影が薄い・・その言葉は人伝えに訊くことはよくある。しかし山野いずみの場合は直接、面と向かって言われた。

 どんな時に言われたのか? それは、廊下で出会い頭にぶつかった時だ。ぶつかってきたのは彼女の方だ。いくら僕が影が薄くても、ちゃんと前を向いて歩けよ。


 そんな二人に声をかけられるのはイヤだなあ・・そう持っていると、

「鈴木じゃないか」と、さっそく声をかけられた。

 山野いずみの方は挨拶しないし、僕の顔を見ていない。彼女にとっては、僕が透明にならなくても、「いない者」扱いなのだろう。

 僕が不愛想に「おお・・」と返すと、

「暑いな・・その辺の喫茶店でアイスコーヒーでも飲みに行くか?」と誘われた。

 佐藤とは学校の裏庭で水沢さんと揉めた経緯があるが、あいつ、忘れているのか?

「今から、自習室に行くところなんだ」僕は軽く断りを入れた。

すると佐藤は、

「鞄・・持ってないじゃないか」と指摘した。

 しまった。感情の赴くまま、ここまで来たので、何も考えず、何も持ってきていなかった。自習する気がないのがばれた。断る理由を失ってしまった。

 佐藤につき合うのは気が進まないし、図書館のどこかに、水沢さん、もしくは石山純子がいることも気になる。

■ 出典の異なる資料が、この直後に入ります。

(* Let $p$ be an odd prime, $\ell$ an integer not divisible by $p$, $a$ the remainder of $\ell$ modulo $p$ and $a_0=\lfloor\ell/p\rfloor$. Let $\nu_i=\lfloor\frac{a+i\ell}{p}\rfloor$ and $n_i=\min_{0\le j\le p-1-i}(\nu_{i+j}-\nu_j)$ for $0\le i\le p-1$. Then for every $0\le i\le p-1$, $$n_i=ia_0+\Big\lfloor i\frac{a}{p}\Big\rfloor+\epsilon_i,$$ where $\epsilon_i=1$ if $p-i\in E$ and $\epsilon_i=0$ otherwise.
   Context: For a real number $x$, $\operatorname{frac}(x)=x-\lfloor x\rfloor$. The set $E$ is defined as $E=\{h\in\mathbb{Z}: 1\le h<p,\ \text{and for all integers } 1\le h'<h,\ \operatorname{frac}(h'a/p)>\operatorname{frac}(ha/p)\}$. *)

theory Defs
  imports "HOL-Number_Theory.Number_Theory"
begin

definition frac_part :: "real \<Rightarrow> real" where
  "frac_part x = x - of_int \<lfloor>x\<rfloor>"

definition E_set :: "int \<Rightarrow> int \<Rightarrow> int set" where
  "E_set p a = {h. 1 \<le> h \<and> h < p \<and>
     (\<forall>h'. 1 \<le> h' \<and> h' < h \<longrightarrow>
        frac_part (of_int (h' * a) / of_int p) > frac_part (of_int (h * a) / of_int p))}"

definition nu :: "int \<Rightarrow> int \<Rightarrow> int \<Rightarrow> nat \<Rightarrow> int" where
  "nu p l a i = \<lfloor>(of_int a + of_nat i * of_int l) / (of_int p :: real)\<rfloor>"

definition n_min :: "int \<Rightarrow> int \<Rightarrow> int \<Rightarrow> nat \<Rightarrow> int" where
  "n_min p l a i = Min ((\<lambda>j. nu p l a (i + j) - nu p l a j) ` {0 .. nat p - 1 - i})"

end

theory Submission
  imports Defs
begin

text \<open>Since \<open>l = p * (l div p) + a\<close>, one has \<open>\<nu>\<^sub>k = k * (l div p) + ((k + 1) * a) div p\<close>, so
  \<open>\<nu>\<^sub>i\<^sub>+\<^sub>j - \<nu>\<^sub>j\<close> is \<open>i * (l div p) + (i * a) div p\<close> plus the carry of adding the residues of
  \<open>(j + 1) * a\<close> and \<open>i * a\<close>. As the residues of \<open>i * a\<close> and \<open>(p - i) * a\<close> add up to \<open>p\<close>, the
  carry is \<open>1\<close> exactly when the residue of \<open>(j + 1) * a\<close> is at least that of \<open>(p - i) * a\<close>.
  Hence the minimum over \<open>j\<close> carries a \<open>1\<close> iff the residue of \<open>(p - i) * a\<close> is the least
  among those of \<open>h * a\<close>, \<open>1 \<le> h \<le> p - i\<close>, which (the residues being distinct) means
  \<open>p - i \<in> E\<close>.\<close>

lemma frac_part_of_int_divide:
  assumes "(p::int) > 0"
  shows "frac_part (of_int x / of_int p) = of_int (x mod p) / of_int p"
proof -
  have "(of_int x::real) = of_int p * of_int (x div p) + of_int (x mod p)"
    by (metis div_mult_mod_eq of_int_add of_int_mult mult.commute)
  then show ?thesis
    unfolding frac_part_def floor_divide_of_int_eq using assms by (simp add: field_simps)
qed

lemma E_set_iff_mod:
  assumes "(p::int) > 0"
  shows "h \<in> E_set p a \<longleftrightarrow> 1 \<le> h \<and> h < p \<and>
     (\<forall>h'. 1 \<le> h' \<and> h' < h \<longrightarrow> (h * a) mod p < (h' * a) mod p)"
proof -
  have "frac_part (of_int x / of_int p) < frac_part (of_int y / of_int p) \<longleftrightarrow> x mod p < y mod p"
    for x y
    using assms by (simp add: frac_part_of_int_divide divide_less_cancel)
  then show ?thesis unfolding E_set_def mem_Collect_eq by blast
qed

lemma prime_not_dvd_small_mult:
  fixes p :: int
  assumes "prime p" "\<not> p dvd a" "0 < k" "k < p"
  shows "\<not> p dvd k * a"
proof
  assume "p dvd k * a"
  then have "p dvd k" using assms(1,2) prime_dvd_mult_iff by blast
  then show False using zdvd_imp_le[of p k] assms(3,4) by simp
qed

lemma E_set_iff_min_residue:
  fixes p :: int
  assumes "prime p" "\<not> p dvd a" "1 \<le> h" "h < p"
  shows "h \<in> E_set p a \<longleftrightarrow> (\<forall>h'\<in>{1..h}. (h * a) mod p \<le> (h' * a) mod p)"
proof -
  have distinct: "(h' * a) mod p \<noteq> (h * a) mod p" if "1 \<le> h'" "h' < h" for h'
  proof
    assume "(h' * a) mod p = (h * a) mod p"
    then have "p dvd (h - h') * a" by (metis mod_eq_dvd_iff left_diff_distrib)
    then show False using prime_not_dvd_small_mult[OF assms(1,2), of "h - h'"] that assms(4) by simp
  qed
  have "h \<in> E_set p a \<longleftrightarrow> (\<forall>h'. 1 \<le> h' \<and> h' < h \<longrightarrow> (h * a) mod p < (h' * a) mod p)"
    using assms(3,4) prime_gt_0_int[OF assms(1)] by (simp add: E_set_iff_mod)
  also have "\<dots> \<longleftrightarrow> (\<forall>h'\<in>{1..h}. (h * a) mod p \<le> (h' * a) mod p)"
  proof safe
    fix h' assume "\<forall>h'. 1 \<le> h' \<and> h' < h \<longrightarrow> (h * a) mod p < (h' * a) mod p" "h' \<in> {1..h}"
    then show "(h * a) mod p \<le> (h' * a) mod p" by (cases "h' = h") auto
  next
    fix h' assume "\<forall>h'\<in>{1..h}. (h * a) mod p \<le> (h' * a) mod p" "1 \<le> h'" "h' < h"
    then show "(h * a) mod p < (h' * a) mod p" using distinct[of h'] by force
  qed
  finally show ?thesis .
qed

lemma div_add_carry:
  fixes p :: int
  assumes "p > 0"
  shows "(x + y) div p = x div p + y div p + (if p \<le> x mod p + y mod p then 1 else 0)"
proof -
  have bounds: "0 \<le> x mod p" "x mod p < p" "0 \<le> y mod p" "y mod p < p" using assms by auto
  have "(x mod p + y mod p) div p = (if p \<le> x mod p + y mod p then 1 else 0)"
  proof (cases "p \<le> x mod p + y mod p")
    case True
    have "(x mod p + y mod p - p) div p = 0" by (rule div_pos_pos_trivial) (use True bounds in linarith)+
    then show ?thesis using True div_pos_geq[OF assms True] by simp
  qed (use bounds in \<open>simp add: div_pos_pos_trivial\<close>)
  then show ?thesis using div_add1_eq[of x y p] by simp
qed

lemma nu_eq:
  fixes p :: int
  assumes "p > 0"
  shows "nu p l (l mod p) k = int k * (l div p) + ((int k + 1) * (l mod p)) div p"
proof -
  have "(of_int (l mod p) + of_nat k * of_int l :: real) = of_int (l mod p + int k * l)" by simp
  then have "nu p l (l mod p) k = (l mod p + int k * l) div p"
    unfolding nu_def by (simp only: floor_divide_of_int_eq)
  also have "l mod p + int k * l = (int k + 1) * (l mod p) + p * (int k * (l div p))"
  proof -
    have "r + int k * l = (int k + 1) * r + p * (int k * q)" if "l = p * q + r" for q r
      using that by (simp add: algebra_simps)
    from this[of "l div p" "l mod p"] show ?thesis by simp
  qed
  finally show ?thesis using assms by simp
qed

lemma nu_diff:
  fixes p :: int
  assumes "p > 0"
  shows "nu p l (l mod p) (i + j) - nu p l (l mod p) j
    = int i * (l div p) + (int i * (l mod p)) div p
      + (if p \<le> ((int j + 1) * (l mod p)) mod p + (int i * (l mod p)) mod p then 1 else 0)"
proof -
  have split: "(int (i + j) + 1) * (l mod p) = (int j + 1) * (l mod p) + int i * (l mod p)"
    by (simp add: algebra_simps)
  have "int (i + j) * (l div p) = int i * (l div p) + int j * (l div p)"
    by (simp add: distrib_right)
  then show ?thesis
    unfolding nu_eq[OF assms] split div_add_carry[OF assms] by linarith
qed

lemma add_mod_ge_iff_uminus_mod_le:
  fixes p :: int
  assumes "p > 0" "\<not> p dvd x"
  shows "p \<le> y mod p + x mod p \<longleftrightarrow> (- x) mod p \<le> y mod p"
  using assms by (simp add: zmod_zminus1_eq_if dvd_eq_mod_eq_0) linarith

lemma Min_add_indicator:
  fixes K :: int
  assumes "finite S" "S \<noteq> {}"
  shows "Min ((\<lambda>j. K + (if P j then 1 else 0)) ` S) = K + (if \<forall>j\<in>S. P j then 1 else 0)"
proof (cases "\<forall>j\<in>S. P j")
  case True
  then have "(\<lambda>j. K + (if P j then 1 else 0)) ` S = {K + 1}" using assms(2) by auto
  then show ?thesis using True by simp
next
  case False
  then show ?thesis
    by (intro Min_eqI) (use assms(1) in auto)
qed

lemma nu_diff_eq_residue_le:
  fixes p :: int
  assumes "prime p" "\<not> p dvd l" "0 < i" "int i < p"
  shows "nu p l (l mod p) (i + j) - nu p l (l mod p) j
    = int i * (l div p) + (int i * (l mod p)) div p
      + (if ((p - int i) * (l mod p)) mod p \<le> ((int j + 1) * (l mod p)) mod p then 1 else 0)"
proof -
  have p0: "p > 0" using prime_gt_0_int[OF assms(1)] .
  have "\<not> p dvd int i * (l mod p)"
    using prime_not_dvd_small_mult[OF assms(1)] assms(2-4) by (simp add: dvd_mod_iff)
  moreover have "(- (int i * (l mod p))) mod p = ((p - int i) * (l mod p)) mod p"
  proof -
    have "(p - int i) * (l mod p) = - (int i * (l mod p)) + (l mod p) * p"
      by (simp add: algebra_simps)
    then show ?thesis by (simp only: mod_mult_self1)
  qed
  ultimately show ?thesis
    using nu_diff[OF p0, of l i j] add_mod_ge_iff_uminus_mod_le[OF p0] by simp
qed

lemma ball_atLeastAtMost_shift_int:
  "(\<forall>j\<in>{0..n}. Q (int j + 1)) \<longleftrightarrow> (\<forall>h\<in>{1..int n + 1}. Q h)"
proof safe
  fix h :: int assume "\<forall>j\<in>{0..n}. Q (int j + 1)" "h \<in> {1..int n + 1}"
  moreover have "nat (h - 1) \<in> {0..n}" "int (nat (h - 1)) + 1 = h"
    using \<open>h \<in> {1..int n + 1}\<close> by auto
  ultimately show "Q h" by metis
qed auto

lemma n_min_eq_E_set_indicator:
  fixes p :: int
  assumes "prime p" "\<not> p dvd l" "0 < i" "int i < p"
  shows "n_min p l (l mod p) i = int i * (l div p) + (int i * (l mod p)) div p
           + (if p - int i \<in> E_set p (l mod p) then 1 else 0)"
proof -
  let ?a = "l mod p" and ?h = "p - int i"
  have a: "\<not> p dvd ?a" using assms(2) by (simp add: dvd_mod_iff)
  have last: "int (nat p - 1 - i) + 1 = ?h" using assms(4) by linarith
  have "n_min p l ?a i = Min ((\<lambda>j. int i * (l div p) + (int i * ?a) div p
      + (if (?h * ?a) mod p \<le> ((int j + 1) * ?a) mod p then 1 else 0)) ` {0 .. nat p - 1 - i})"
    unfolding n_min_def nu_diff_eq_residue_le[OF assms] ..
  also have "\<dots> = int i * (l div p) + (int i * ?a) div p
      + (if \<forall>j\<in>{0 .. nat p - 1 - i}. (?h * ?a) mod p \<le> ((int j + 1) * ?a) mod p then 1 else 0)"
    by (rule Min_add_indicator) simp_all
  also have "(\<forall>j\<in>{0 .. nat p - 1 - i}. (?h * ?a) mod p \<le> ((int j + 1) * ?a) mod p)
      \<longleftrightarrow> ?h \<in> E_set p ?a"
    using ball_atLeastAtMost_shift_int[of "nat p - 1 - i" "\<lambda>h. (?h * ?a) mod p \<le> (h * ?a) mod p"]
      E_set_iff_min_residue[OF assms(1) a, of ?h] last assms(3,4) by simp
  finally show ?thesis .
qed

theorem lemma7p1:
  fixes p l :: int and i :: nat
  assumes "prime p" and "odd p" and "\<not> p dvd l"
    and "i \<le> nat p - 1"
  defines "a \<equiv> l mod p" and "a0 \<equiv> \<lfloor>of_int l / (of_int p :: real)\<rfloor>"
  shows "n_min p l a i = int i * a0 + \<lfloor>of_nat i * of_int a / (of_int p :: real)\<rfloor>
           + (if p - int i \<in> E_set p a then 1 else 0)"
proof -
  have p0: "p > 0" using prime_gt_0_int[OF assms(1)] .
  have "\<lfloor>of_nat i * of_int a / (of_int p :: real)\<rfloor> = \<lfloor>of_int (int i * a) / (of_int p :: real)\<rfloor>"
    by simp
  then have "int i * a0 + \<lfloor>of_nat i * of_int a / (of_int p :: real)\<rfloor>
      = int i * (l div p) + (int i * a) div p"
    unfolding a0_def floor_divide_of_int_eq by simp
  moreover have "n_min p l a i = int i * (l div p) + (int i * a) div p
      + (if p - int i \<in> E_set p a then 1 else 0)"
  proof (cases "i = 0")
    case True
    then show ?thesis by (simp add: n_min_def E_set_iff_mod[OF p0])
  next
    case False
    then show ?thesis
      using n_min_eq_E_set_indicator[OF assms(1,3)] assms(4) p0 unfolding a_def by simp
  qed
  ultimately show ?thesis by simp
qed

end
(* For all positive integers $k$, $n$ and $\delta$, $$\Phi_k(n)\le\left(\frac{\delta\,(1+\tau)\,k!}{\zeta(k,\delta)}\right)^{1/k} n^{1/k}+\frac{e-1}{e}\,k,$$ where $\tau=0$ if $k$ is even and $\tau=1$ if $k$ is odd.
   Context: A finite set $\mathcal A$ of non-negative integers is a $B_k$-sequence if all sums $a_1+\dots+a_k$ of $k$ elements of $\mathcal A$ (repetitions allowed) are different, i.e. distinct multisets $\{a_1,\dots,a_k\}$ of elements of $\mathcal A$ have distinct sums. $\Phi_k(n)$ is the maximum size of a $B_k$-sequence contained in $[0,n]$. For positive integers $m$ and $\delta$, a $\delta$-deviation set of size $m$ is a finite sequence $(\alpha_1,\dots,\alpha_\ell)$ of positive integers such that (i) $\sum_i\alpha_i=m$; (ii) $\big|\sum_i\alpha_{2i-1}-\sum_i\alpha_{2i}\big|\le 1$; (iii) $\big|\sum_{1\le i\le j}(-1)^{i-1}\alpha_i\big|\le\delta$ for every $j\ge1$; and $\zeta(m,\delta)$ is the number of $\delta$-deviation sets of size $m$. *)

theory Defs
  imports Complex_Main "HOL-Library.Multiset"
begin

definition is_Bk :: "nat \<Rightarrow> nat set \<Rightarrow> bool" where
  "is_Bk k A \<longleftrightarrow> finite A \<and>
     (\<forall>M N. set_mset M \<subseteq> A \<and> set_mset N \<subseteq> A \<and> size M = k \<and> size N = k
        \<and> sum_mset M = sum_mset N \<longrightarrow> M = N)"

definition Phi :: "nat \<Rightarrow> nat \<Rightarrow> nat" where
  "Phi k n = Max {card A | A. A \<subseteq> {0..n} \<and> is_Bk k A}"

text \<open>Alternating partial sum: sum over i = 1..j of (-1)^(i-1) alpha_i
  (list is 0-indexed, so entry i of the list is alpha_(i+1)).\<close>
definition alt_psum :: "nat list \<Rightarrow> nat \<Rightarrow> int" where
  "alt_psum xs j = (\<Sum>i<j. (-1) ^ i * int (xs ! i))"

definition is_dev_set :: "nat \<Rightarrow> nat \<Rightarrow> nat list \<Rightarrow> bool" where
  "is_dev_set m \<delta> xs \<longleftrightarrow>
     (\<forall>x\<in>set xs. 0 < x) \<and>
     sum_list xs = m \<and>
     \<bar>alt_psum xs (length xs)\<bar> \<le> 1 \<and>
     (\<forall>j\<in>{1..length xs}. \<bar>alt_psum xs j\<bar> \<le> int \<delta>)"

definition zeta :: "nat \<Rightarrow> nat \<Rightarrow> nat" where
  "zeta m \<delta> = card {xs. is_dev_set m \<delta> xs}"

end

theory Submission
  imports Defs
begin

(*
  Let A \<subseteq> [0,n] be a B_k-set with m elements. A \<delta>-deviation set (\<alpha>_1, \<alpha>_2, ...) of size k
  is encoded as the sign word \<epsilon> = (+1)^\<alpha>_1 (-1)^\<alpha>_2 (+1)^\<alpha>_3 ..., whose prefix sums stay in
  [-\<delta>, \<delta>] and whose total is 0 for even k and +1 or -1 for odd k. For a k-subset
  b_0 < ... < b_(k-1) of A, the signed sum \<Sum> \<epsilon>_i b_i determines both the subset and the word:
  two equal signed sums with equal totals rearrange into two k-multisets of A with equal sums.
  Summation by parts expresses \<Sum> \<epsilon>_i b_i through the prefix sums of \<epsilon> and the gaps
  b_(j+1) - b_j, which confines it to 2\<delta>n + 1 values when the total is 0 (where \<epsilon> and -\<epsilon>
  are both counted) and to 2\<delta>n values when the total is normalised to 1. Hence
  C(m,k) \<zeta>(k,\<delta>) \<le> (1 + \<tau>) \<delta> n, and the bound follows from
  m (m-1) ... (m-k+1) \<ge> (m - (1 - 1/e) k)^k, obtained by comparing \<Sum> ln (m-i) with the
  integral of ln. When m < k the k-multisets of A, having distinct sums in [0, kn], are
  counted instead.
*)

section \<open>Analytic estimates\<close>

(* By identric_gap_identity, b * identric_gap (a / b) is (b - a) times the gap between the
   logarithms of the identric mean of a and b and of the weighted mean (b + (e - 1) a) / e. *)
definition identric_gap :: "real \<Rightarrow> real" where
  "identric_gap t = - t * ln t - (1 - t) * ln (1 + (exp 1 - 1) * t)"

definition identric_gap' :: "real \<Rightarrow> real" where
  "identric_gap' t = ln (1 + (exp 1 - 1) * t) - ln t - exp 1 / (1 + (exp 1 - 1) * t)"

lemma has_real_derivative_identric_gap:
  assumes "0 < t"
  shows "(identric_gap has_real_derivative identric_gap' t) (at t)"
proof -
  define E where "E = exp 1 - (1::real)"
  have "0 < E" by (simp add: E_def)
  then have D: "0 < 1 + E * t" using assms by (simp add: add_pos_pos)
  have "(identric_gap has_real_derivative - (ln t + 1) + ln (1 + E * t) - (1 - t) * (E / (1 + E * t))) (at t)"
    unfolding identric_gap_def[abs_def] E_def[symmetric] using assms D
    by (auto intro!: derivative_eq_intros simp: add_divide_distrib[symmetric] algebra_simps)
  moreover have "- (ln t + 1) + ln (1 + E * t) - (1 - t) * (E / (1 + E * t)) = identric_gap' t"
    unfolding identric_gap'_def E_def[symmetric] using D by (simp add: field_simps E_def)
  ultimately show ?thesis by simp
qed

lemma has_real_derivative_identric_gap':
  assumes "0 < t"
  shows "(identric_gap' has_real_derivative
           ((exp 1 - 1)\<^sup>2 * t - 1) / (t * (1 + (exp 1 - 1) * t)\<^sup>2)) (at t)"
proof -
  define E where "E = exp 1 - (1::real)"
  have e: "exp 1 = E + 1" and "0 < E" by (simp_all add: E_def)
  then have D: "0 < 1 + E * t" using assms by (simp add: add_pos_pos)
  have "(identric_gap' has_real_derivative E / (1 + E * t) - 1 / t - - ((E + 1) * E / (1 + E * t)\<^sup>2)) (at t)"
    unfolding identric_gap'_def[abs_def] E_def[symmetric] e using assms D
    by (auto intro!: derivative_eq_intros simp: power2_eq_square)
  moreover have "E / (1 + E * t) - 1 / t - - ((E + 1) * E / (1 + E * t)\<^sup>2) =
      (E\<^sup>2 * t - 1) / (t * (1 + E * t)\<^sup>2)"
  proof -
    have "t \<noteq> 0" "1 + E * t \<noteq> 0" using D assms by auto
    then show ?thesis by (simp add: divide_simps) (simp add: power2_eq_square algebra_simps)
  qed
  ultimately show ?thesis by (simp add: E_def)
qed

lemma identric_gap'_sign:
  assumes "0 < x" "x \<le> y"
  shows "y \<le> 1 / (exp 1 - 1)\<^sup>2 \<Longrightarrow> identric_gap' y \<le> identric_gap' x"
    and "1 / (exp 1 - 1)\<^sup>2 \<le> x \<Longrightarrow> identric_gap' x \<le> identric_gap' y"
proof -
  define d where "d z = ((exp 1 - 1)\<^sup>2 * z - 1) / (z * (1 + (exp 1 - 1) * z)\<^sup>2)" for z :: real
  have E: "0 < exp 1 - (1::real)" by simp
  have deriv: "(identric_gap' has_real_derivative d z) (at z)" if "x \<le> z" for z
    unfolding d_def using that assms by (intro has_real_derivative_identric_gap') simp
  have sign: "d z \<le> 0 \<longleftrightarrow> z \<le> 1 / (exp 1 - 1)\<^sup>2"
    "0 \<le> d z \<longleftrightarrow> 1 / (exp 1 - 1)\<^sup>2 \<le> z" if "x \<le> z" for z
  proof -
    have "0 < z * (1 + (exp 1 - 1) * z)\<^sup>2"
      using that assms E by (intro mult_pos_pos zero_less_power add_pos_pos) auto
    moreover have "(exp 1 - 1)\<^sup>2 * z \<le> 1 \<longleftrightarrow> z \<le> 1 / (exp 1 - 1)\<^sup>2"
      "1 \<le> (exp 1 - 1)\<^sup>2 * z \<longleftrightarrow> 1 / (exp 1 - 1)\<^sup>2 \<le> z"
      using E by (simp_all add: pos_le_divide_eq pos_divide_le_eq mult.commute)
    ultimately show "d z \<le> 0 \<longleftrightarrow> z \<le> 1 / (exp 1 - 1)\<^sup>2"
      "0 \<le> d z \<longleftrightarrow> 1 / (exp 1 - 1)\<^sup>2 \<le> z"
      unfolding d_def by (simp_all add: divide_le_0_iff zero_le_divide_iff)
  qed
  show "identric_gap' y \<le> identric_gap' x" if "y \<le> 1 / (exp 1 - 1)\<^sup>2"
  proof (rule DERIV_nonpos_imp_nonincreasing[OF assms(2)])
    fix z assume "x \<le> z" "z \<le> y"
    then show "\<exists>d'. (identric_gap' has_real_derivative d') (at z) \<and> d' \<le> 0"
      using deriv[of z] sign[of z] that by (intro exI[of _ "d z"]) simp
  qed
  show "identric_gap' x \<le> identric_gap' y" if "1 / (exp 1 - 1)\<^sup>2 \<le> x"
  proof (rule DERIV_nonneg_imp_nondecreasing[OF assms(2)])
    fix z assume "x \<le> z" "z \<le> y"
    then show "\<exists>d'. (identric_gap' has_real_derivative d') (at z) \<and> 0 \<le> d'"
      using deriv[of z] sign[of z] that by (intro exI[of _ "d z"]) auto
  qed
qed

lemma identric_gap_nonneg_near_0:
  assumes "0 < t" "t \<le> exp (1 - exp 1)"
  shows "0 \<le> identric_gap t"
proof -
  define E where "E = exp 1 - (1::real)"
  have "0 < E" by (simp add: E_def)
  have "ln t \<le> ln (exp (1 - exp 1))"
    using assms by (subst ln_le_cancel_iff) auto
  then have "ln t \<le> - E" by (simp add: E_def)
  then have "t * E \<le> - t * ln t"
    using mult_left_mono[of "ln t" "- E" t] assms(1) by simp
  moreover have "(1 - t) * ln (1 + E * t) \<le> E * t"
  proof -
    have "exp (1 - exp 1) \<le> (1::real)" by simp
    then have "t \<le> 1" using assms(2) by linarith
    then have "(1 - t) * ln (1 + E * t) \<le> ln (1 + E * t)"
      using assms(1) \<open>0 < E\<close> by (intro mult_left_le_one_le) auto
    also have "\<dots> \<le> E * t"
      using assms(1) \<open>0 < E\<close> by (intro ln_add_one_self_le_self) simp
    finally show ?thesis .
  qed
  ultimately show ?thesis
    unfolding identric_gap_def E_def[symmetric] by (simp add: algebra_simps)
qed

(* The function vanishes at 0 and 1, and its derivative is positive near 0, decreases up to
   1 / (e - 1)^2, then increases to 0 at t = 1; so it first rises and then falls. *)
lemma identric_gap_nonneg:
  assumes "0 \<le> t" "t \<le> 1"
  shows "0 \<le> identric_gap t"
proof (cases "t = 0")
  case True
  then show ?thesis by (simp add: identric_gap_def)
next
  case False
  with assms have "0 < t" by simp
  consider "\<forall>z. t \<le> z \<and> z \<le> 1 \<longrightarrow> identric_gap' z \<le> 0"
    | z where "t \<le> z" "z \<le> 1" "0 < identric_gap' z"
    by force
  then show ?thesis
  proof cases
    case 1
    have "identric_gap 1 \<le> identric_gap t"
      using 1 \<open>0 < t\<close> has_real_derivative_identric_gap
      by (intro DERIV_nonpos_imp_nonincreasing[OF assms(2)]) force
    then show ?thesis by (simp add: identric_gap_def)
  next
    case 2
    have "identric_gap' 1 = 0" by (simp add: identric_gap'_def)
    then have "z < 1 / (exp 1 - 1)\<^sup>2"
      using identric_gap'_sign(2)[of z 1] 2 \<open>0 < t\<close> by force
    then have incr: "0 \<le> identric_gap' u" if "0 < u" "u \<le> t" for u
      using identric_gap'_sign(1)[of u z] 2 that by simp
    define x where "x = min t (exp (1 - exp 1))"
    have "0 < x" "x \<le> t" by (simp_all add: x_def \<open>0 < t\<close>)
    have "identric_gap x \<le> identric_gap t"
      using incr \<open>0 < x\<close> has_real_derivative_identric_gap
      by (intro DERIV_nonneg_imp_nondecreasing[OF \<open>x \<le> t\<close>]) force
    moreover have "0 \<le> identric_gap x"
      using \<open>0 < x\<close> by (intro identric_gap_nonneg_near_0) (simp_all add: x_def)
    ultimately show ?thesis by simp
  qed
qed

lemma identric_gap_identity:
  assumes "0 \<le> a" "a \<le> b" "0 < b"
  shows "b * ln b - a * ln a - (b - a) - (b - a) * ln (b - (exp 1 - 1) / exp 1 * (b - a))
           = b * identric_gap (a / b)"
proof -
  define E where "E = exp 1 - (1::real)"
  have "0 < E" by (simp add: E_def)
  have pos: "0 < b + E * a" using assms \<open>0 < E\<close> by (simp add: add_pos_nonneg)
  have "b - (exp 1 - 1) / exp 1 * (b - a) = (b + E * a) / exp 1"
    by (simp add: E_def field_simps)
  then have l1: "ln (b - (exp 1 - 1) / exp 1 * (b - a)) = ln (b + E * a) - 1"
    using pos by (simp add: ln_div)
  have "1 + E * (a / b) = (b + E * a) / b" using assms by (simp add: field_simps)
  then have l2: "ln (1 + E * (a / b)) = ln (b + E * a) - ln b"
    using pos assms by (simp add: ln_div)
  have l3: "a * ln (a / b) = a * ln a - a * ln b"
    using assms by (cases "a = 0") (simp_all add: ln_div algebra_simps)
  have "b * identric_gap (a / b) = - (a * ln (a / b)) - (b - a) * ln (1 + E * (a / b))"
    unfolding identric_gap_def E_def[symmetric] using assms by (simp add: field_simps)
  then show ?thesis
    unfolding l1 l2 l3 by (simp add: algebra_simps)
qed

lemma x_ln_x_increment_le:
  assumes "1 \<le> x"
  shows "x * ln x - (x - 1) * ln (x - 1) - 1 \<le> ln (x::real)"
proof (cases "x = 1")
  case False
  with assms have "1 < x" by simp
  have "ln (x / (x - 1)) \<le> x / (x - 1) - 1"
    using \<open>1 < x\<close> by (intro ln_le_minus_one) auto
  also have "\<dots> = 1 / (x - 1)" using \<open>1 < x\<close> by (simp add: field_simps)
  finally have "(x - 1) * (ln x - ln (x - 1)) \<le> 1"
    using \<open>1 < x\<close> by (simp add: ln_div field_simps)
  then show ?thesis by (simp add: algebra_simps)
qed simp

 どう言って断ろう、と思っていると、山野いずみが佐藤の腕に手を回し、「ねえ、佐藤くん。そんなのほっといて行きましょうよ」と僕を見ずに言った。

「そんなの」・・僕は「そんなの」なのか。僕はいろんな言い方をされるものだ。ちゃんと僕には名前があるぞ。ムッとした僕は、

「佐藤・・少しなら時間はある」と答えた。

 断らなかった意図・・山野いずみに不快な思いをさせること。僕が喫茶店に同席すれば、佐藤と二人きりになるのを邪魔できる。小さな抵抗だ。自習室に行くのはその後でいい。